* **Stored data entries**:
lemma continuous_map_heis_iff:
  "continuous_map Z (heis_topology X) h \<longleftrightarrow>
     continuous_map Z (discrete_topology UNIV) (\<lambda>z. fst (h z)) \<and>
     continuous_map Z (discrete_topology (clopens X)) (\<lambda>z. fst (snd (h z))) \<and>
     continuous_map Z (dual_topology X) (\<lambda>z. snd (snd (h z)))"
  unfolding heis_topology_def continuous_map_pairwise by (simp add: o_def)

lemma continuous_map_dual_eval:
  assumes "continuous_map Z (discrete_topology (clopens X)) x" "continuous_map Z (dual_topology X) f"
  shows "continuous_map Z (discrete_topology UNIV) (\<lambda>z. f z (x z))"
proof -
  let ?P = "product_topology (\<lambda>_. discrete_topology (UNIV::bool set)) (clopens X)"
  have "continuous_map Z ?P f"
    using assms(2) by (simp add: dual_topology_def continuous_map_in_subtopology)
  then have "continuous_map Z (prod_topology (discrete_topology (clopens X)) ?P) (\<lambda>z. (x z, f z))"
    using assms(1) by (rule continuous_map_pairedI[rotated])
  then have "continuous_map Z (discrete_topology UNIV) ((\<lambda>(i, g). g i) \<circ> (\<lambda>z. (x z, f z)))"
    using continuous_map_eval_discrete by (rule continuous_map_compose)
  then show ?thesis
    by (simp add: o_def)
qed

lemma mult_heis_coordinates:
  "x \<otimes>\<^bsub>heis_group X\<^esub> y =
     ((fst x \<noteq> fst y) \<noteq> snd (snd x) (fst (snd y)), symdiff (fst (snd x)) (fst (snd y)),
      \<lambda>A\<in>clopens X. snd (snd x) A \<noteq> snd (snd y) A)"
  by (cases x; cases y) simp

lemma continuous_map_heis_mult:
  "continuous_map (prod_topology (heis_topology X) (heis_topology X)) (heis_topology X)
     (\<lambda>(x, y). x \<otimes>\<^bsub>heis_group X\<^esub> y)"
proof -
  let ?T = "heis_topology X"
  let ?Z = "prod_topology ?T ?T"
  have a: "continuous_map ?Z (discrete_topology UNIV) (\<lambda>P. fst (fst P))"
          "continuous_map ?Z (discrete_topology UNIV) (\<lambda>P. fst (snd P))"
   and x: "continuous_map ?Z (discrete_topology (clopens X)) (\<lambda>P. fst (snd (fst P)))"
          "continuous_map ?Z (discrete_topology (clopens X)) (\<lambda>P. fst (snd (snd P)))"
   and f: "continuous_map ?Z (dual_topology X) (\<lambda>P. snd (snd (fst P)))"
          "continuous_map ?Z (dual_topology X) (\<lambda>P. snd (snd (snd P)))"
    using continuous_map_fst[of ?T ?T] continuous_map_snd[of ?T ?T]
    unfolding continuous_map_heis_iff by blast+
  have "continuous_map ?Z (discrete_topology UNIV) (\<lambda>P. fst (fst P) \<noteq> fst (snd P))"
    using a by (rule continuous_map_discrete_binop[where h = "(\<noteq>)"]) simp
  then have "continuous_map ?Z (discrete_topology UNIV)
          (\<lambda>P. (fst (fst P) \<noteq> fst (snd P)) \<noteq> snd (snd (fst P)) (fst (snd (snd P))))"
    using continuous_map_dual_eval[OF x(2) f(1)]
    by (rule continuous_map_discrete_binop[where h = "(\<noteq>)"]) simp
  moreover have "continuous_map ?Z (discrete_topology (clopens X))
          (\<lambda>P. symdiff (fst (snd (fst P))) (fst (snd (snd P))))"
    using x clopen_symdiff by (rule continuous_map_discrete_binop[where h = symdiff])
  moreover have "continuous_map ?Z (discrete_topology UNIV) (\<lambda>P. snd (snd (fst P)) k \<noteq> snd (snd (snd P)) k)"
    if "k \<in> clopens X" for k
    using f that unfolding continuous_map_dual_iff
    by (intro continuous_map_discrete_binop[where h = "(\<noteq>)"]) auto
  moreover have "(\<lambda>A\<in>clopens X. snd (snd (fst P)) A \<noteq> snd (snd (snd P)) A) \<in> dual_hom X"
    if "P \<in> topspace ?Z" for P
    using that by (intro dual_add) (auto simp: topspace_heis carrier_heis mem_Times_iff)
  ultimately show ?thesis
    unfolding continuous_map_heis_iff split_beta mult_heis_coordinates continuous_map_dual_iff
    by auto
qed

lemma continuous_map_heis_inv:
  "continuous_map (heis_topology X) (heis_topology X) (\<lambda>x. inv\<^bsub>heis_group X\<^esub> x)"
proof -
  let ?T = "heis_topology X"
  have coords: "continuous_map ?T (discrete_topology UNIV) fst"
     "continuous_map ?T (discrete_topology (clopens X)) (\<lambda>z. fst (snd z))"
     "continuous_map ?T (dual_topology X) (\<lambda>z. snd (snd z))"
    using continuous_map_id[of ?T] unfolding continuous_map_heis_iff id_def by auto
  have "continuous_map ?T ?T (\<lambda>z. (fst z \<noteq> snd (snd z) (fst (snd z)), fst (snd z), snd (snd z)))"
    unfolding continuous_map_heis_iff
    using coords continuous_map_discrete_binop[OF coords(1) continuous_map_dual_eval[OF coords(2,3)],
        where h = "(\<noteq>)"]
    by simp
  then show ?thesis
    by (rule continuous_map_eq) (auto simp: topspace_heis carrier_heis inv_heis)
qed

lemma group_topology_heis: "group_topology (heis_group X) (heis_topology X)"
  unfolding group_topology_def
  using group_heis topspace_heis continuous_map_heis_mult continuous_map_heis_inv by blast

definition annihilator :: "'a topology \<Rightarrow> 'a set set \<Rightarrow> ('a set \<Rightarrow> bool) set" where
  "annihilator X K = {g \<in> dual_hom X. \<forall>k\<in>K. g k = False}"

lemma openin_annihilator:
  assumes "finite K" "K \<subseteq> clopens X"
  shows "openin (dual_topology X) (annihilator X K)"
proof -
  let ?D = "dual_topology X"
  have "openin ?D {g \<in> topspace ?D. g k \<in> {False}}" if "k \<in> K" for k
  proof -
    have "continuous_map ?D (discrete_topology UNIV) (\<lambda>g. g k)"
      using continuous_map_id[of ?D] that assms(2) unfolding continuous_map_dual_iff by auto
    then show ?thesis
      by (rule openin_continuous_map_preimage) simp
  qed
  then have "openin ?D ((\<Inter>k\<in>K. {g \<in> topspace ?D. g k \<in> {False}}) \<inter> topspace ?D)"
    by (rule openin_INT[OF assms(1)])
  moreover have "(\<Inter>k\<in>K. {g \<in> topspace ?D. g k \<in> {False}}) \<inter> topspace ?D = annihilator X K"
    by (auto simp: annihilator_def)
  ultimately show ?thesis
    by simp
qed

lemma annihilator_in_nbhd:
  assumes "openin (dual_topology X) W" "(\<lambda>A\<in>clopens X. False) \<in> W"
  obtains K where "finite K" "K \<subseteq> clopens X" "annihilator X K \<subseteq> W"
proof -
  let ?P = "product_topology (\<lambda>_. discrete_topology (UNIV::bool set)) (clopens X)"
  let ?z = "\<lambda>A\<in>clopens X. False"
  obtain W' where W': "openin ?P W'" "W = W' \<inter> dual_hom X"
    using assms(1) unfolding dual_topology_def openin_subtopology by (elim exE conjE)
  then obtain B where B: "finite {i \<in> clopens X. B i \<noteq> UNIV}" "?z \<in> Pi\<^sub>E (clopens X) B"
      "Pi\<^sub>E (clopens X) B \<subseteq> W'"
    using assms(2) unfolding openin_product_topology_alt by auto
  define K where "K = {i \<in> clopens X. B i \<noteq> UNIV}"
  have "annihilator X K \<subseteq> Pi\<^sub>E (clopens X) B"
  proof (intro subsetI PiE_I)
    fix g assume g: "g \<in> annihilator X K"
    fix i assume i: "i \<in> clopens X"
    show "g i \<in> B i"
    proof (cases "i \<in> K")
      case True
      then show ?thesis
        using g i PiE_mem[OF B(2) i] by (simp add: annihilator_def)
    qed (use i in \<open>simp add: K_def\<close>)
  next
    fix g i assume "g \<in> annihilator X K" "i \<notin> clopens X"
    then show "g i = undefined"
      by (auto simp: annihilator_def hom_undefined)
  qed
  then have "annihilator X K \<subseteq> W"
    using B(3) W'(2) by (auto simp: annihilator_def)
  moreover have "finite K" "K \<subseteq> clopens X"
    using B(1) by (auto simp: K_def)
  ultimately show ?thesis
    using that by blast
qed

definition annihilator_subgroup ::
    "'a topology \<Rightarrow> 'a set set \<Rightarrow> (bool \<times> 'a set \<times> ('a set \<Rightarrow> bool)) set" where
  "annihilator_subgroup X K = {False} \<times> {{}} \<times> annihilator X K"

lemma heis_nbhd_one:
  assumes "openin (heis_topology X) U" "\<one>\<^bsub>heis_group X\<^esub> \<in> U"
  obtains K where "finite K" "K \<subseteq> clopens X" "annihilator_subgroup X K \<subseteq> U"
proof -
  let ?D = "dual_topology X"
  have "continuous_map ?D (heis_topology X) (\<lambda>g. (False, {}, g))"
    unfolding continuous_map_heis_iff by simp
  then have "openin ?D {g \<in> topspace ?D. (False, {}, g) \<in> U}"
    using assms(1) by (rule openin_continuous_map_preimage)
  moreover have "(\<lambda>A\<in>clopens X. False) \<in> {g \<in> topspace ?D. (False, {}, g) \<in> U}"
    using assms(2) by (simp add: one_heis)
  ultimately obtain K where K: "finite K" "K \<subseteq> clopens X"
      "annihilator X K \<subseteq> {g \<in> topspace ?D. (False, {}, g) \<in> U}"
    by (rule annihilator_in_nbhd)
  then have "annihilator_subgroup X K \<subseteq> U"
    by (auto simp: annihilator_subgroup_def)
  with K(1,2) show ?thesis
    by (rule that)
qed

lemma subgroup_annihilator:
  assumes "K \<subseteq> clopens X"
  shows "subgroup (annihilator_subgroup X K) (heis_group X)"
proof (rule group.subgroupI[OF group_heis])
  show "annihilator_subgroup X K \<subseteq> carrier (heis_group X)"
    by (auto simp: annihilator_subgroup_def annihilator_def carrier_heis)
  have "(False, {}, \<lambda>A\<in>clopens X. False) \<in> annihilator_subgroup X K"
    using assms by (auto simp: annihilator_subgroup_def annihilator_def)
  then show "annihilator_subgroup X K \<noteq> {}"
    by blast
next
  fix x assume "x \<in> annihilator_subgroup X K"
  then show "inv\<^bsub>heis_group X\<^esub> x \<in> annihilator_subgroup X K"
    by (auto simp: annihilator_subgroup_def annihilator_def inv_heis)
next
  fix x y assume "x \<in> annihilator_subgroup X K" "y \<in> annihilator_subgroup X K"
  then show "x \<otimes>\<^bsub>heis_group X\<^esub> y \<in> annihilator_subgroup X K"
    using assms by (auto simp: annihilator_subgroup_def annihilator_def dual_add[simplified])
qed
lemma min_eigenvalue_le_quadratic_form:
  fixes S :: "real^'n^'n"
  assumes sym: "transpose S = S"
  shows "min_eigenvalue S * (norm z)\<^sup>2 \<le> z \<bullet> (S *v z)"
proof -
  have "continuous_on (sphere 0 1) (\<lambda>y. y \<bullet> (S *v y))"
    by (intro continuous_intros linear_continuous_on matrix_vector_mul_bounded_linear)
  moreover have "sphere (0::real^'n) 1 \<noteq> {}" by simp
  ultimately obtain x where x: "x \<in> sphere 0 1"
    and x_min: "\<And>y. y \<in> sphere 0 1 \<Longrightarrow> x \<bullet> (S *v x) \<le> y \<bullet> (S *v y)"
    using continuous_attains_inf[OF compact_sphere] by blast
  have lower: "(x \<bullet> (S *v x)) * (norm y)\<^sup>2 \<le> y \<bullet> (S *v y)" for y
  proof (cases "y = 0")
    case False
    then have "x \<bullet> (S *v x) \<le> (y /\<^sub>R norm y) \<bullet> (S *v (y /\<^sub>R norm y))" by (intro x_min) simp
    also have "\<dots> = y \<bullet> (S *v y) / (norm y)\<^sup>2"
      by (simp add: matrix_vector_mult_scaleR power2_eq_square divide_inverse)
    finally show ?thesis using False by (simp add: pos_le_divide_eq)
  qed simp
  have "S *v x = (x \<bullet> (S *v x)) *\<^sub>R x" "x \<noteq> 0"
    using rayleigh_minimizer_is_eigenvector[OF sym _ lower] x by auto
  then have "min_eigenvalue S \<le> x \<bullet> (S *v x)"
    unfolding min_eigenvalue_def by (intro Min_le finite_eigenvalues_symmetric[OF sym]) blast
  then show ?thesis using lower[of z] by (meson mult_right_mono order_trans zero_le_power2)
qed

locale td_dataset =
  fixes phi :: "'s \<Rightarrow> real^'d" and r :: "'s \<Rightarrow> 's \<Rightarrow> real" and gam :: real
    and traj :: "nat \<Rightarrow> 's" and N :: nat
  assumes norm_phi_le_1: "\<And>s. norm (phi s) \<le> 1"
    and gam_nonneg: "0 \<le> gam" and gam_less_1: "gam < 1"
    and N_pos: "1 \<le> N"
    and invertible_A: "invertible (td_A phi gam traj N)"
begin

abbreviation "A \<equiv> td_A phi gam traj N"
abbreviation "theta_star \<equiv> td_theta_star phi r gam traj N"
abbreviation "lam \<equiv> td_lambdaA phi gam traj N"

* **PROBLEM TO SOLVE**:
Starting from the first line of the records above, retype each line exactly up to and including the one that contains "unfolding heis_topology_def continuous_map_pairwise", and nothing more.

* **ANSWER FOR THIS EXERCISE**:
lemma continuous_map_heis_iff:
  "continuous_map Z (heis_topology X) h \<longleftrightarrow>
     continuous_map Z (discrete_topology UNIV) (\<lambda>z. fst (h z)) \<and>
     continuous_map Z (discrete_topology (clopens X)) (\<lambda>z. fst (snd (h z))) \<and>
     continuous_map Z (dual_topology X) (\<lambda>z. snd (snd (h z)))"
  unfolding heis_topology_def continuous_map_pairwise by (simp add: o_def)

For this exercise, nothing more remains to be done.